◆ **EXERCISE**: Each line below that contains the word "shows" must be copied.
START DATA LISTING
text \<open>Expanding the form at \<open>u + A u\<close> leaves \<open>2 \<parallel>A u\<parallel>\<^sup>2 = 0\<close>.\<close>
lemma hermitian_mat_eq_0_if_form_0:
  fixes A :: "'a::hilbert_scalar mat"
  assumes A: "A \<in> carrier_mat n n"
    and herm: "\<And>k l. k < n \<Longrightarrow> l < n \<Longrightarrow> conjugate (A $$ (k, l)) = A $$ (l, k)"
    and form: "\<And>f. f \<in> carrier_vec n \<Longrightarrow> hinner (A *\<^sub>v f) f = 0"
  shows "A = 0\<^sub>m n n"
proof -
  have Au: "A *\<^sub>v u = 0\<^sub>v n" if u: "u \<in> carrier_vec n" for u
  proof -
    define v where "v = A *\<^sub>v u"
    have v: "v \<in> carrier_vec n" unfolding v_def using A u by simp
    have "0 = hinner (A *\<^sub>v (u + v)) (u + v)" using form u v by simp
    also have "\<dots> = hinner (A *\<^sub>v u) u + hinner (A *\<^sub>v u) v + hinner (A *\<^sub>v v) u + hinner (A *\<^sub>v v) v"
      using A u v mult_mat_vec_carrier[OF A u] mult_mat_vec_carrier[OF A v]
      by (simp add: mult_add_distrib_mat_vec hinner_add_left[of _ n] hinner_add_right)
    also have "hinner (A *\<^sub>v v) u = hinner v v"
      using hinner_mult_mat_vec_hermitian[OF A herm v u] v_def by simp
    finally have "2 * hinner v v = 0" using form u v v_def by simp
    then have "hnorm v = 0" by (simp add: hinner_self)
    then show ?thesis using hnorm_eq_0_iff[OF v] v_def by simp
  qed
  show ?thesis
  proof (rule eq_matI)
    fix k l assume kl: "k < dim_row (0\<^sub>m n n :: 'a mat)" "l < dim_col (0\<^sub>m n n :: 'a mat)"
    have "A $$ (k, l) = (A *\<^sub>v unit_vec n l) $ k" using A kl by simp
    then show "A $$ (k, l) = 0\<^sub>m n n $$ (k, l)" using Au[of "unit_vec n l"] kl by simp
  qed (use A in auto)
qed

section \<open>Parseval frames and their duals\<close>

lemma analysis_op_carrier [simp]: "analysis_op n N F \<in> carrier_mat N n"
  by (simp add: analysis_op_def)

lemma synthesis_op_carrier [simp]: "synthesis_op n N G \<in> carrier_mat n N"
  by (simp add: synthesis_op_def)

lemma synthesis_analysis_mult_vec:
  assumes "f \<in> carrier_vec n"
  shows "synthesis_op n N G *\<^sub>v (analysis_op n N F *\<^sub>v f) = vec n (\<lambda>k. \<Sum>i<N. hinner f (F i) * G i $ k)"
  using assms
  by (auto intro!: eq_vecI sum.cong simp: synthesis_op_def analysis_op_def scalar_prod_def hinner_def
      atLeast0LessThan mult.commute)

lemma reconstructs_iff:
  assumes "f \<in> carrier_vec n"
  shows "f = synthesis_op n N G *\<^sub>v (analysis_op n N F *\<^sub>v f) \<longleftrightarrow>
    (\<forall>k<n. f $ k = (\<Sum>i<N. hinner f (F i) * G i $ k))"
  using assms by (auto simp: synthesis_analysis_mult_vec vec_eq_iff)

lemma hinner_synthesis_analysis:
  assumes f: "f \<in> carrier_vec n" and G: "\<forall>i<N. G i \<in> carrier_vec n"
  shows "hinner (synthesis_op n N G *\<^sub>v (analysis_op n N F *\<^sub>v f)) f
    = (\<Sum>i<N. hinner f (F i) * hinner (G i) (f :: 'a::hilbert_scalar vec))"
proof -
  have "hinner (synthesis_op n N G *\<^sub>v (analysis_op n N F *\<^sub>v f)) f
      = (\<Sum>k<n. \<Sum>i<N. hinner f (F i) * (G i $ k * conjugate (f $ k)))"
    using f by (simp add: synthesis_analysis_mult_vec hinner_def sum_distrib_right mult.assoc)
  also have "\<dots> = (\<Sum>i<N. hinner f (F i) * hinner (G i) f)"
    using G by (subst sum.swap) (auto intro!: sum.cong simp: hinner_def sum_distrib_left)
  finally show ?thesis .
qed

lemma hinner_frame_op:
  fixes F :: "nat \<Rightarrow> 'a::hilbert_scalar vec"
  assumes f: "f \<in> carrier_vec n" and F: "\<forall>i<N. F i \<in> carrier_vec n"
  shows "hinner (frame_op n N F *\<^sub>v f) f = of_real (\<Sum>i<N. (norm (hinner f (F i)))\<^sup>2)"
proof -
  have conj: "hinner (F i) f = conjugate (hinner f (F i))" if "i < N" for i
    using F f that by (intro hinner_commute) auto
  have "frame_op n N F *\<^sub>v f = synthesis_op n N F *\<^sub>v (analysis_op n N F *\<^sub>v f)"
    unfolding frame_op_def using f by (simp add: assoc_mult_mat_vec[of _ n N _ n])
  then have "hinner (frame_op n N F *\<^sub>v f) f = (\<Sum>i<N. hinner f (F i) * conjugate (hinner f (F i)))"
    using F f conj by (simp add: hinner_synthesis_analysis)
  then show ?thesis by (simp add: mult_conjugate_self)
qed

lemma frame_op_parseval:
  fixes F :: "nat \<Rightarrow> 'a::hilbert_scalar vec"
  assumes P: "is_parseval n N F"
  shows "frame_op n N F = 1\<^sub>m n"
proof -
  have F: "\<forall>i<N. F i \<in> carrier_vec n" using P unfolding is_parseval_def by simp
  have S: "frame_op n N F \<in> carrier_mat n n"
    unfolding frame_op_def by (rule mult_carrier_mat[OF synthesis_op_carrier analysis_op_carrier])
  have entry: "frame_op n N F $$ (k, l) = (\<Sum>i<N. F i $ k * conjugate (F i $ l))"
    if "k < n" "l < n" for k l
    using that by (simp add: frame_op_def synthesis_op_def analysis_op_def scalar_prod_def atLeast0LessThan)
  have zero: "frame_op n N F - 1\<^sub>m n = 0\<^sub>m n n"
  proof (rule hermitian_mat_eq_0_if_form_0)
    show "conjugate ((frame_op n N F - 1\<^sub>m n) $$ (k, l)) = (frame_op n N F - 1\<^sub>m n) $$ (l, k)"
      if "k < n" "l < n" for k l
      using that S by (auto simp: entry sum_conjugate conjugate_dist_mul conjugate_diff mult.commute)
    show "hinner ((frame_op n N F - 1\<^sub>m n) *\<^sub>v f) f = 0" if f: "f \<in> carrier_vec n" for f
      using P f S F unfolding is_parseval_def
      by (simp add: minus_mult_distrib_mat_vec hinner_minus_left[of _ n] hinner_frame_op hinner_self)
  qed (use S in auto)
  show ?thesis
  proof (rule eq_matI)
    fix k l assume kl: "k < dim_row (1\<^sub>m n :: 'a mat)" "l < dim_col (1\<^sub>m n :: 'a mat)"
    then have "(frame_op n N F - 1\<^sub>m n) $$ (k, l) = 0" using zero by simp
    then show "frame_op n N F $$ (k, l) = 1\<^sub>m n $$ (k, l)" using S kl by simp
  qed (use S in auto)
qed

lemma parseval_reconstructs:
  fixes F :: "nat \<Rightarrow> 'a::hilbert_scalar vec"
  assumes P: "is_parseval n N F" and f: "f \<in> carrier_vec n"
  shows "f = synthesis_op n N F *\<^sub>v (analysis_op n N F *\<^sub>v f)"
proof -
  have "synthesis_op n N F *\<^sub>v (analysis_op n N F *\<^sub>v f) = frame_op n N F *\<^sub>v f"
    unfolding frame_op_def using f by (simp add: assoc_mult_mat_vec[of _ n N _ n])
  then show ?thesis using frame_op_parseval[OF P] f by simp
qed

lemma canonical_dual_parseval:
  fixes F :: "nat \<Rightarrow> 'a::hilbert_scalar vec"
  assumes P: "is_parseval n N F" and i: "i < N"
  shows "canonical_dual n N F i = F i"
proof (cases "mat_inverse (frame_op n N F)")
  case (Some B)
  have "1\<^sub>m n * B = 1\<^sub>m n" "B \<in> carrier_mat n n"
    using mat_inverse(2)[OF _ Some, of n] frame_op_parseval[OF P] by auto
  then have "B = 1\<^sub>m n" by simp
  moreover have "F i \<in> carrier_vec n" using P i unfolding is_parseval_def by simp
  ultimately show ?thesis unfolding canonical_dual_def Some by simp
qed (simp add: canonical_dual_def)

lemma sum_norm_hinner_le:
  fixes G :: "nat \<Rightarrow> 'a::hilbert_scalar vec"
  assumes f: "f \<in> carrier_vec n" and G: "\<forall>i<N. G i \<in> carrier_vec n"
  shows "(\<Sum>i<N. (norm (hinner f (G i)))\<^sup>2) \<le> (\<Sum>i<N. (hnorm (G i))\<^sup>2) * (hnorm f)\<^sup>2"
proof -
  have "(norm (hinner f (G i)))\<^sup>2 \<le> (hnorm (G i))\<^sup>2 * (hnorm f)\<^sup>2" if "i < N" for i
  proof -
    have "norm (hinner f (G i)) \<le> hnorm f * hnorm (G i)" using f G that by (intro norm_hinner_le) auto
    then show ?thesis by (simp add: power_mono power_mult_distrib[symmetric] mult.commute)
  qed
  then show ?thesis unfolding sum_distrib_right by (intro sum_mono) simp
qed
END DATA LISTING
◆ **FINAL ANSWER**:
  shows "A = 0\<^sub>m n n"
  shows "synthesis_op n N G *\<^sub>v (analysis_op n N F *\<^sub>v f) = vec n (\<lambda>k. \<Sum>i<N. hinner f (F i) * G i $ k)"
  shows "f = synthesis_op n N G *\<^sub>v (analysis_op n N F *\<^sub>v f) \<longleftrightarrow>
  shows "hinner (synthesis_op n N G *\<^sub>v (analysis_op n N F *\<^sub>v f)) f
  shows "hinner (frame_op n N F *\<^sub>v f) f = of_real (\<Sum>i<N. (norm (hinner f (F i)))\<^sup>2)"
  shows "frame_op n N F = 1\<^sub>m n"
  shows "f = synthesis_op n N F *\<^sub>v (analysis_op n N F *\<^sub>v f)"
  shows "canonical_dual n N F i = F i"
  shows "(\<Sum>i<N. (norm (hinner f (G i)))\<^sup>2) \<le> (\<Sum>i<N. (hnorm (G i))\<^sup>2) * (hnorm f)\<^sup>2"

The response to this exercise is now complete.